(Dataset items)
(* Let $L>0$, let $a$ satisfy (H_a), $g\in L^2(0,L)$, and let $\phi$ satisfy (H_φ). Then every weak solution $u$ of problem (P) satisfies $$\int_0^L a\Big(\frac{du}{dx}\Big)^2dx=\int_0^L g\frac{du}{dx}\,dx,\qquad \Big\|\frac{du}{dx}\Big\|_{L^2(0,L)}\le\frac1\alpha\|g\|_{L^2(0,L)},\qquad \|u\|_{L^\infty(0,L)}\le\frac{\sqrt L}{\alpha}\|g\|_{L^2(0,L)}.$$
   Context: (H_a): $a\in L^\infty(0,L)$ and there are constants $0<\alpha<\beta$ with $\alpha\le a(x)\le\beta$ for a.e. $x\in(0,L)$. (H_φ): $\phi:\mathbb{R}\to\mathbb{R}\cup\{+\infty\}$ is continuous when $\mathbb{R}\cup\{+\infty\}$ carries its usual topology, and $\phi(s)<+\infty$ for every $s\neq0$. A weak solution of problem (P) with data $(a,g,\phi)$ is a function $u$ with $u\in H^1_0(0,L)$, $\phi(u)\in L^2(0,L)$, and $-\frac{d}{dx}(a\frac{du}{dx})=-\frac{d\phi(u)}{dx}-\frac{dg}{dx}$ in $\mathcal D'(0,L)$. *)

theory Defs
  imports "HOL-Analysis.Analysis"
begin

abbreviation Iv :: "real \<Rightarrow> real measure" where
  "Iv L \<equiv> lebesgue_on {0<..<L}"

definition L2 :: "real \<Rightarrow> (real \<Rightarrow> real) \<Rightarrow> bool" where
  "L2 L f \<longleftrightarrow> f \<in> borel_measurable (Iv L) \<and> integrable (Iv L) (\<lambda>x. (f x)\<^sup>2)"

definition L2norm :: "real \<Rightarrow> (real \<Rightarrow> real) \<Rightarrow> real" where
  "L2norm L f = sqrt (integral\<^sup>L (Iv L) (\<lambda>x. (f x)\<^sup>2))"

definition test_fun :: "real \<Rightarrow> (real \<Rightarrow> real) \<Rightarrow> bool" where
  "test_fun L \<psi> \<longleftrightarrow> (\<forall>n x. ((deriv ^^ n) \<psi>) differentiable (at x)) \<and>
     (\<exists>c d. 0 < c \<and> d < L \<and> (\<forall>x. x \<notin> {c..d} \<longrightarrow> \<psi> x = 0))"

definition weak_deriv :: "real \<Rightarrow> (real \<Rightarrow> real) \<Rightarrow> (real \<Rightarrow> real) \<Rightarrow> bool" where
  "weak_deriv L u v \<longleftrightarrow> (\<forall>\<psi>. test_fun L \<psi> \<longrightarrow>
     integral\<^sup>L (Iv L) (\<lambda>x. u x * deriv \<psi> x) = - integral\<^sup>L (Iv L) (\<lambda>x. v x * \<psi> x))"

## YOUR INSTRUCTIONS
Read through the data above. Report each line that has the word "integral".

## REPLY
  "L2norm L f = sqrt (integral\<^sup>L (Iv L) (\<lambda>x. (f x)\<^sup>2))"
     integral\<^sup>L (Iv L) (\<lambda>x. u x * deriv \<psi> x) = - integral\<^sup>L (Iv L) (\<lambda>x. v x * \<psi> x))"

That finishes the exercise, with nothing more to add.